Ils riaient, répétaient ses mots après lui, se roulaient avec délices dans cette boue de Paris qu’on leur apportait.

Le petit Stenne aurait bien voulu parler, lui aussi, prouver qu’il n’était pas bête ; mais quelque chose le gênait. En face de lui se tenait à part un Prussien plus âgé, plus sérieux que les autres, qui lisait, ou plutôt faisait semblant, car ses yeux ne le quittaient pas. Il y avait dans ce regard de la tendresse et des reproches, comme si cet homme avait eu au pays un enfant du même âge que Stenne, et qu’il se fût dit :

« J’aimerais mieux mourir que de voir mon fils faire un métier pareil... »

À partir de ce moment, Stenne sentit comme une main qui se posait sur son cœur et l’empêchait de battre.

Pour échapper à cette angoisse, il se mit à boire. Bientôt tout tourna autour de lui. Il entendait vaguement, au milieu de gros rires, son camarade qui se moquait des gardes nationaux, de leur façon de faire l’exercice, imitait une prise d’armes au Marais, une alerte de nuit sur les remparts. Ensuite le grand baissa la voix, les officiers se rapprochèrent et les figures devinrent graves. Le misérable était en train de les prévenir de l’attaque des francs-tireurs...

Pour le coup, le petit Stenne se leva, furieux, dégrisé :

« Pas cela, grand... Je ne veux pas. »

Mais l’autre ne fit que rire et continua. Avant qu’il eût fini, tous les officiers étaient debout. Un d’eux montra la porte aux enfants :

« F... le camp ! » leur dit-il.

Et ils se mirent à causer entre eux, très vite, en allemand. Le grand sortit, fier comme un doge, en faisant sonner son argent. Stenne le suivit, la tête basse ; et lorsqu’il passa près du Prussien dont le regard l’avait tant gêné, il entendit une voix triste qui disait : « Bas chôli, ça... Bas chôli... »

Les larmes lui en vinrent aux yeux.

Une fois dans la plaine, les enfants se mirent à courir et rentrèrent rapidement.

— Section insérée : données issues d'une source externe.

lemma trigger_mealy_after_flag:
  assumes "wf_monitor Pin D"
    and "mstates (trigger_mealy Pin D C A) I p = (minit D, x, False)"
    and "mflag Pin D I p i"
    and "\<And>k. k < m \<Longrightarrow> mstates C (suffix i I) (Suc k) \<notin> A"
  shows "mword (trigger_mealy Pin D C A) I (i + m) = mword C (suffix i I) m"
    and "mstates (trigger_mealy Pin D C A) I (Suc (i + m)) =
      (minit D, mstates C (suffix i I) (Suc m), mstates C (suffix i I) (Suc m) \<notin> A)"
proof -
  let ?M = "trigger_mealy Pin D C A"
  have "p \<le> i" using assms(3) by (simp add: mflag_def)
  have "\<not> mflag Pin D I p (p + k)" if "k < i - p" for k
    using mflag_first[OF assms(1,3)] that by simp
  then have "mstates ?M I (p + (i - p)) = (mconf Pin D I p (i - p), x, False)"
    by (intro mstates_trigger_mealy_monitoring[OF assms(2)]) (simp add: mflag_def)
  then have idle: "mstates ?M I i = (mconf Pin D I p (i - p), x, False)"
    using \<open>p \<le> i\<close> by simp
  have "fst (mstep D (I i \<inter> Pin) (mconf Pin D I p (i - p))) \<in> mF D"
    using assms(3) \<open>p \<le> i\<close> by (simp add: mflag_def Suc_diff_le)
  from mdelta_trigger_mealy_controlling[OF idle this assms(4)]
  have "mdelta ?M (mstates ?M I (i + m)) (I (i + m))
      = ctrl_step D C A (mstates C (suffix i I) m) (I (i + m))"
    by simp
  then show "mword ?M I (i + m) = mword C (suffix i I) m"
    and "mstates ?M I (Suc (i + m)) =
      (minit D, mstates C (suffix i I) (Suc m), mstates C (suffix i I) (Suc m) \<notin> A)"
    by (simp_all add: mword_def ctrl_step_def)
qed

lemma mword_inter_inputs:
  "Pin \<inter> Pout = {} \<Longrightarrow> wf_mealy Pin Pout M \<Longrightarrow> I n \<subseteq> Pin \<Longrightarrow> mword M I n \<inter> Pin = I n"
  unfolding wf_mealy_def mword_def by blast

lemma mflag_mword_iff:
  assumes "Pin \<inter> Pout = {}" and "wf_mealy Pin Pout M" and "\<forall>n. I n \<subseteq> Pin"
  shows "mflag Pin D (mword M I) p i = mflag Pin D I p i"
  by (rule mflag_cong) (simp add: mword_inter_inputs[OF assms(1,2)] assms(3) Int_absorb2)

lemma gsat_mword_iff:
  assumes "Pin \<inter> Pout = {}" and "gatoms g \<subseteq> Pin" and "wf_mealy Pin Pout M" and "\<forall>n. I n \<subseteq> Pin"
  shows "gsat (mword M I) g = gsat I g"
  by (rule gsat_cong[OF assms(2)]) (simp add: mword_inter_inputs[OF assms(1,3)] assms(4) Int_absorb2)

lemma gsat_mword_suffix:
  assumes "Pin \<inter> Pout = {}" and "gatoms g \<subseteq> Pin"
    and "wf_mealy Pin Pout M" and "wf_mealy Pin Pout C" and "\<forall>n. I n \<subseteq> Pin"
    and "gsat (mword M I) g"
  shows "gsat (mword C (suffix i I)) g"
  using assms gsat_suffix[of I g i] by (simp add: gsat_mword_iff)

lemma trigger_mealy_realises_trig_sat:
  assumes disj: "Pin \<inter> Pout = {}" and gat: "gatoms g \<subseteq> Pin"
    and wfD: "wf_monitor Pin D" and wfC: "wf_mealy Pin Pout C"
    and real: "realises Pin C (\<lambda>w. gsat w g \<longrightarrow> sat w 0 f)"
  shows "realises Pin (trigger_mealy Pin D C {}) (\<lambda>w. gsat w g \<longrightarrow> trig_sat Pin D f w 0)"
  unfolding realises_def trig_sat_def
proof (intro allI impI)
  fix I j
  let ?M = "trigger_mealy Pin D C {}"
  assume I: "\<forall>n. I n \<subseteq> Pin" and "gsat (mword ?M I) g" and "mflag Pin D (mword ?M I) 0 j"
  moreover note wfM = wf_trigger_mealy[OF wfC]
  ultimately have "gsat (mword C (suffix j I)) g" and flag: "mflag Pin D I 0 j"
    using gsat_mword_suffix[OF disj gat wfM wfC] mflag_mword_iff[OF disj wfM] by blast+
  then have "sat (mword C (suffix j I)) 0 f"
    using real I unfolding realises_def by simp
  moreover have "mword C (suffix j I) = suffix j (mword ?M I)"
    using trigger_mealy_after_flag(1)[OF wfD mstates_trigger_mealy_0 flag, where A = "{}"]
    by auto
  ultimately have "sat (suffix j (mword ?M I)) 0 f"
    by simp
  then show "sat (mword ?M I) j f"
    by (simp add: sat_suffix)
qed

lemma trigger_mealy_episode:
  fixes Pin Pout :: "'p set" and D :: "('q, 'v, 'p) monitor" and C :: "('s, 'p) mealy"
    and I :: "'p trace"
  defines "M \<equiv> trigger_mealy Pin D C (macc C)"
  assumes disj: "Pin \<inter> Pout = {}" and gat: "gatoms g \<subseteq> Pin"
    and wfD: "wf_monitor Pin D" and wfC: "wf_mealy Pin Pout C"
    and tight: "tightly_realises Pin C g f"
    and I: "\<forall>n. I n \<subseteq> Pin" and gw: "gsat (mword M I) g"
    and idle: "mstates M I p = (minit D, x, False)" and flag: "mflag Pin D I p i"
  shows "\<exists>n. tsat (mword M I) i (i + n) f \<and> (\<exists>y. mstates M I (Suc (i + n)) = (minit D, y, False))"
proof -
  have "gsat (mword C (suffix i I)) g"
    using gsat_mword_suffix[OF disj gat _ wfC I] wf_trigger_mealy[OF wfC] gw M_def by blast
  then obtain n where acc: "mstates C (suffix i I) (Suc n) \<in> macc C"
    and ts: "tsat (mword C (suffix i I)) 0 n f"
    and nacc: "\<forall>m\<le>n. mstates C (suffix i I) m \<notin> macc C"
    using tight[unfolded tightly_realises_def, THEN conjunct2, rule_format, of "suffix i I"] I
    by blast
  have "k < m \<Longrightarrow> m \<le> n \<Longrightarrow> mstates C (suffix i I) (Suc k) \<notin> macc C" for k m
    using nacc[rule_format, of "Suc k"] by simp
  note run = trigger_mealy_after_flag[OF wfD idle[unfolded M_def] flag this]
  have "suffix i (mword M I) k = mword C (suffix i I) k" if "k \<le> n" for k
    using run(1)[OF _ that] M_def by simp
  then have "tsat (suffix i (mword M I)) 0 n f"
    using ts tsat_cong[of 0 n "suffix i (mword M I)" "mword C (suffix i I)" f] by simp
  then have "tsat (mword M I) i (i + n) f"
    by (simp add: tsat_suffix)
  moreover have "mstates M I (Suc (i + n)) = (minit D, mstates C (suffix i I) (Suc n), False)"
    using run(2)[OF _ order.refl] acc M_def by simp
  ultimately show ?thesis by blast
qed

lemma trigger_mealy_realises_rep_sat:
  assumes disj: "Pin \<inter> Pout = {}" and gat: "gatoms g \<subseteq> Pin"
    and wfD: "wf_monitor Pin D" and wfC: "wf_mealy Pin Pout C"
    and tight: "tightly_realises Pin C g f"
  shows "realises Pin (trigger_mealy Pin D C (macc C)) (\<lambda>w. gsat w g \<longrightarrow> rep_sat Pin D f w)"
  unfolding realises_def
proof (intro allI impI)
  fix I
  let ?M = "trigger_mealy Pin D C (macc C)"
  let ?w = "mword ?M I"
  assume I: "\<forall>n. I n \<subseteq> Pin" and "gsat ?w g"
  note mflag_iff = mflag_mword_iff[OF disj wf_trigger_mealy[OF wfC] I]
  note episode = trigger_mealy_episode[OF disj gat wfD wfC tight I \<open>gsat ?w g\<close>]
  have idle: "\<exists>x. mstates ?M I p = (minit D, x, False)" if "restart Pin D f ?w p" for p
    using that
  proof (induction rule: restart.induct)
    case restart0
    show ?case using mstates_trigger_mealy_0 by blast
  next
    case (restartS p k)
    then obtain x j where "mstates ?M I p = (minit D, x, False)"
      and "mflag Pin D I p j" and "tsat ?w j k f"
      unfolding dseq_def mflag_iff by blast
    \<comment> \<open>k is where C accepted and the machine went idle: tight satisfaction fixes the end.\<close>
    with episode tsat_unique show ?case by metis
  qed
  show "rep_sat Pin D f ?w"
    unfolding rep_sat_def dseq_def mflag_iff
  proof (intro allI impI)
    fix p i assume "restart Pin D f ?w p" and "p \<le> i" and "mflag Pin D I p i"
    with idle episode obtain n where "tsat ?w i (i + n) f" by metis
    with \<open>p \<le> i\<close> \<open>mflag Pin D I p i\<close>
    show "\<exists>k\<ge>i. \<exists>j. p \<le> j \<and> j \<le> k \<and> mflag Pin D I p j \<and> tsat ?w j k f"
      by (intro exI[of _ "i + n"]) auto
  qed
qed

theorem theorem4:
  fixes Pin Pout :: "'p set"
    and g :: "'p agamma"
    and D :: "('q, 'v, 'p) monitor"
    and C :: "('s, 'p) mealy"
    and f :: "'p ltl"
  assumes "Pin \<inter> Pout = {}"
    and "gatoms g \<subseteq> Pin"
    and "wf_monitor Pin D"
    and "wf_mealy Pin Pout C"
  shows "(realises Pin C (\<lambda>w. gsat w g \<longrightarrow> sat w 0 f) \<longrightarrow>
            (\<exists>M :: (('q \<times> 'v) \<times> 's \<times> bool, 'p) mealy. wf_mealy Pin Pout M \<and>
               realises Pin M (\<lambda>w. gsat w g \<longrightarrow> trig_sat Pin D f w 0)))
       \<and> (cosafety f \<longrightarrow> tightly_realises Pin C g f \<longrightarrow>
            (\<exists>M :: (('q \<times> 'v) \<times> 's \<times> bool, 'p) mealy. wf_mealy Pin Pout M \<and>
               realises Pin M (\<lambda>w. gsat w g \<longrightarrow> rep_sat Pin D f w)))"
  \<comment> \<open>The construction does not need f to be co-safety; tight realisation is what matters.\<close>
  using trigger_mealy_realises_trig_sat[OF assms] trigger_mealy_realises_rep_sat[OF assms]
    wf_trigger_mealy[OF assms(4)]
  by blast

end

Leur sac était plein de pommes de terre que leur avaient données les Prussiens ; avec cela ils passèrent sans encombre à la tranchée des francs-tireurs. On s’y préparait pour l’attaque de la nuit. Des troupes arrivaient, silencieuses, se massant derrière les murs. Le vieux sergent était là, occupé à placer ses hommes, l’air si heureux ! Quand les enfants passèrent, il les reconnut et leur envoya un bon sourire...

Oh ! que ce sourire fit mal au petit Stenne ! Un moment il eut envie de crier :

« N’allez pas là-bas... nous vous avons trahis. »

Mais l’autre lui avait dit : « Si tu parles, nous serons fusillés », et la peur le retint...

À La Courneuve, ils entrèrent dans une maison abandonnée, pour partager l’argent. La vérité m’oblige à dire que le partage fut fait honnêtement, et que d’entendre sonner ces beaux écus sous sa blouse, de penser aux parties de galoche qu’il avait là en perspective, le petit Stenne ne trouvait plus son crime aussi affreux.

Mais, lorsqu’il fut seul, le malheureux enfant ! lorsque, après les portes, le grand l’eut quitté, alors ses poches commencèrent à devenir bien lourdes, et la main qui lui serrait le cœur le serra plus fort que jamais. Paris ne lui semblait plus le même. Les gens qui passaient le regardaient sévèrement, comme s’ils avaient su d’où il venait. Le mot espion, il l’entendait dans le bruit des roues, dans le battement des tambours qui s’exerçaient le long du canal. Enfin il arriva chez lui, et, tout heureux de voir que son père n’était pas encore rentré, il monta vite dans leur chambre cacher sous son oreiller ces écus qui lui pesaient tant.

Jamais le père Stenne n’avait été si bon, si joyeux qu’en rentrant ce soir-là. On venait de recevoir des nouvelles de province : les affaires du pays allaient mieux. Tout en mangeant, l’ancien soldat regardait son fusil pendu à la muraille, et il disait à l’enfant, avec son bon rire :

« Hein, garçon, comme tu irais aux Prussiens, si tu étais grand ! »

Vers huit heures, on entendit le canon.

« C’est Aubervilliers... On se bat au Bourget », fit le bonhomme, qui connaissait tous ses forts. Le petit Stenne devint pâle, et, prétextant une grande fatigue, il alla se coucher, mais il ne dormit pas. Le canon tonnait toujours. Il se représentait les francs-tireurs arrivant de nuit pour surprendre les Prussiens et tombant eux-mêmes dans une embuscade.